_Aim of the exercise_
Return all the lines below in which the string "that" appears.

Stored items
lemma coning_state_insert:
  assumes \<sigma>: "finite \<sigma>" "\<sigma> \<noteq> {}" "\<sigma> \<notin> K"
    and faces: "\<And>\<tau>. \<tau> \<subset> \<sigma> \<Longrightarrow> \<tau> \<noteq> {} \<Longrightarrow> \<tau> \<in> K"
    and fresh: "card \<sigma> = 1 \<Longrightarrow> \<forall>\<tau> \<in> H. \<sigma> \<inter> \<tau> = {}"
  shows "coning_state (insert \<sigma> K) (insert \<sigma> H) (if card \<sigma> = 1 then A \<union> \<sigma> else A)"
proof -
  let ?A = "if card \<sigma> = 1 then A \<union> \<sigma> else A"
  have faces': "\<tau> \<in> insert \<sigma> K" if "\<tau> \<subseteq> \<sigma>" "\<tau> \<noteq> {}" for \<tau>
    using faces that by (cases "\<tau> = \<sigma>") auto
  have \<sigma>_active: "\<sigma> \<subseteq> A" if "card \<sigma> \<noteq> 1"
    using active_if_proper_faces[OF faces that] .
  show ?thesis
  proof unfold_locales
    show "finite (insert \<sigma> K)" "finite (insert \<sigma> H)" "finite ?A"
      using finite_complex finite_coned finite_active \<sigma>(1) by auto
    show "insert \<sigma> K \<subseteq> insert \<sigma> H" using complex_subset_coned by blast
    fix \<rho> \<tau> x
    show "\<rho> \<in> insert \<sigma> K \<Longrightarrow> finite \<rho>" "\<rho> \<in> insert \<sigma> K \<Longrightarrow> \<rho> \<noteq> {}"
      using finite_simplex simplex_nonempty \<sigma>(1,2) by auto
    show "\<rho> \<in> insert \<sigma> K \<Longrightarrow> \<rho> \<subseteq> ?A"
      using simplex_active \<sigma>_active by auto
    show "\<rho> \<in> insert \<sigma> K \<Longrightarrow> \<tau> \<subseteq> \<rho> \<Longrightarrow> \<tau> \<noteq> {} \<Longrightarrow> \<tau> \<in> insert \<sigma> K"
      using face_closed faces' by blast
    show "x \<in> ?A \<Longrightarrow> {x} \<in> insert \<sigma> K"
      using vertex_active by (auto simp: card_Suc_eq split: if_splits)
    show "\<tau> \<in> insert \<sigma> H \<Longrightarrow> \<tau> \<subseteq> ?A \<Longrightarrow> \<tau> \<in> insert \<sigma> K"
      using active_coned_simplex fresh by (fastforce split: if_splits)
    show "\<rho> \<in> insert \<sigma> H \<Longrightarrow> \<tau> \<subseteq> \<rho> \<Longrightarrow> \<tau> \<noteq> {} \<Longrightarrow> \<tau> \<in> insert \<sigma> H"
      using face_closed_coned faces' complex_subset_coned by blast
  qed
qed

lemma contract_cplx_subset_coned:
  assumes "{y} \<in> K"
  shows "contract_cplx x y K \<subseteq> H \<union> cone y (act_star x H A)"
proof
  fix \<rho>' assume "\<rho>' \<in> contract_cplx x y K"
  then obtain \<rho> where \<rho>: "\<rho> \<in> K" "\<rho>' = rename x y \<rho>"
    unfolding contract_cplx_eq_image_rename by blast
  consider "x \<notin> \<rho>" | "\<rho> = {x}" | "x \<in> \<rho>" "\<rho> - {x} \<noteq> {}" by blast
  then show "\<rho>' \<in> H \<union> cone y (act_star x H A)"
  proof cases
    case 1
    then show ?thesis using \<rho> rename_not_mem[OF 1] complex_subset_coned by auto
  next
    case 2
    then show ?thesis using \<rho>(2) assms complex_subset_coned by (auto simp: rename_def)
  next
    case 3
    then have "\<rho> - {x} \<in> K" using face_closed[OF \<rho>(1), of "\<rho> - {x}"] by blast
    then have "\<rho> - {x} \<in> act_star x H A"
      using \<rho>(1) simplex_active[OF \<rho>(1)] complex_subset_coned 3(1) unfolding act_star_def by blast
    then show ?thesis using \<rho>(2) rename_mem[OF 3(1)] unfolding cone_def by blast
  qed
qed

lemma active_coned_in_contract_cplx:
  assumes "x \<in> A" "\<tau> \<in> H \<union> cone y (act_star x H A)" "\<tau> \<subseteq> A - {x}"
  shows "\<tau> \<in> contract_cplx x y K"
  unfolding contract_cplx_eq_image_rename
proof (cases "\<tau> \<in> H")
  case True
  have "\<tau> \<in> K" using active_coned_simplex[OF True] assms(3) by blast
  moreover have "rename x y \<tau> = \<tau>" using rename_not_mem[of x \<tau> y] assms(3) by blast
  ultimately show "\<tau> \<in> rename x y ` K" by (metis imageI)
next
  case False
  with assms(2) obtain \<tau>0 where \<tau>0: "\<tau> = insert y \<tau>0" "\<tau>0 \<in> act_star x H A"
    unfolding cone_def by blast
  then obtain \<rho> where \<rho>: "\<tau>0 \<subseteq> A" "\<rho> \<in> H" "x \<in> \<rho>" "\<tau>0 \<subseteq> \<rho>"
    unfolding act_star_def by blast
  have "insert x \<tau>0 \<in> H" using face_closed_coned[OF \<rho>(2), of "insert x \<tau>0"] \<rho>(3,4) by blast
  then have "insert x \<tau>0 \<in> K" using active_coned_simplex \<rho>(1) assms(1) by blast
  moreover have "rename x y (insert x \<tau>0) = \<tau>"
    using rename_mem[of x "insert x \<tau>0" y] \<tau>0(1) assms(3) by auto
  ultimately show "\<tau> \<in> rename x y ` K" by (metis imageI)
qed

lemma face_closed_coned_cone:
  assumes "{y} \<in> K" "\<rho> \<in> H \<union> cone y (act_star x H A)" "\<tau> \<subseteq> \<rho>" "\<tau> \<noteq> {}"
  shows "\<tau> \<in> H \<union> cone y (act_star x H A)"
proof (cases "\<rho> \<in> H")
  case True
  then show ?thesis using face_closed_coned assms(3,4) by blast
next
  case False
  with assms(2) obtain \<tau>0 where \<tau>0: "\<rho> = insert y \<tau>0" "\<tau>0 \<in> act_star x H A"
    unfolding cone_def by blast
  then obtain \<rho>1 where \<rho>1: "\<tau>0 \<in> H" "\<tau>0 \<subseteq> A" "\<rho>1 \<in> H" "x \<in> \<rho>1" "\<tau>0 \<subseteq> \<rho>1"
    unfolding act_star_def by blast
  consider "y \<notin> \<tau>" | "\<tau> = {y}" | "y \<in> \<tau>" "\<tau> - {y} \<noteq> {}" by blast
  then show ?thesis
  proof cases
    case 1
    then have "\<tau> \<subseteq> \<tau>0" using assms(3) \<tau>0(1) by blast
    then show ?thesis using face_closed_coned[OF \<rho>1(1)] assms(4) by blast
  next
    case 2
    then show ?thesis using assms(1) complex_subset_coned by blast
  next
    case 3
    have "\<tau> - {y} \<subseteq> \<tau>0" using assms(3) \<tau>0(1) by blast
    then have "\<tau> - {y} \<in> H" "\<tau> - {y} \<subseteq> A" "\<tau> - {y} \<subseteq> \<rho>1"
      using face_closed_coned[OF \<rho>1(1), of "\<tau> - {y}"] 3(2) \<rho>1(2,5) by blast+
    then have "\<tau> - {y} \<in> act_star x H A" using \<rho>1(3,4) unfolding act_star_def by blast
    moreover have "\<tau> = insert y (\<tau> - {y})" using 3(1) by blast
    ultimately show ?thesis unfolding cone_def by blast
  qed
qed

lemma coning_state_contract:
  assumes xy: "x \<noteq> y" and x: "{x} \<in> K" and y: "{y} \<in> K"
  shows "coning_state (contract_cplx x y K) (H \<union> cone y (act_star x H A)) (A - {x})"
proof -
  have xA: "x \<in> A" and yA: "y \<in> A" using simplex_active x y by auto
  have "finite (act_star x H A)" using finite_coned unfolding act_star_def by simp
  show ?thesis
  proof (intro coning_state.intro coning_state_axioms.intro simplicial_complex_contract_cplx)
    show "finite (H \<union> cone y (act_star x H A))"
      using finite_coned \<open>finite (act_star x H A)\<close> unfolding cone_def by simp
    show "finite (A - {x})" using finite_active by simp
    show "contract_cplx x y K \<subseteq> H \<union> cone y (act_star x H A)"
      using contract_cplx_subset_coned[OF y] .
    fix \<rho> \<tau> z
    show "\<rho> \<in> contract_cplx x y K \<Longrightarrow> \<rho> \<subseteq> A - {x}"
      using simplex_active yA xy unfolding contract_cplx_eq_image_rename rename_def by auto
    show "z \<in> A - {x} \<Longrightarrow> {z} \<in> contract_cplx x y K"
      using vertex_active rename_not_mem[of x "{z}" y] unfolding contract_cplx_eq_image_rename by force
    show "\<tau> \<in> H \<union> cone y (act_star x H A) \<Longrightarrow> \<tau> \<subseteq> A - {x} \<Longrightarrow> \<tau> \<in> contract_cplx x y K"
      using active_coned_in_contract_cplx[OF xA] by blast
    show "\<rho> \<in> H \<union> cone y (act_star x H A) \<Longrightarrow> \<tau> \<subseteq> \<rho> \<Longrightarrow> \<tau> \<noteq> {}
        \<Longrightarrow> \<tau> \<in> H \<union> cone y (act_star x H A)"
      using face_closed_coned_cone[OF y] by blast
  qed
qed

_Answer to the problem_
    using faces that by (cases "\<tau> = \<sigma>") auto
    using active_if_proper_faces[OF faces that] .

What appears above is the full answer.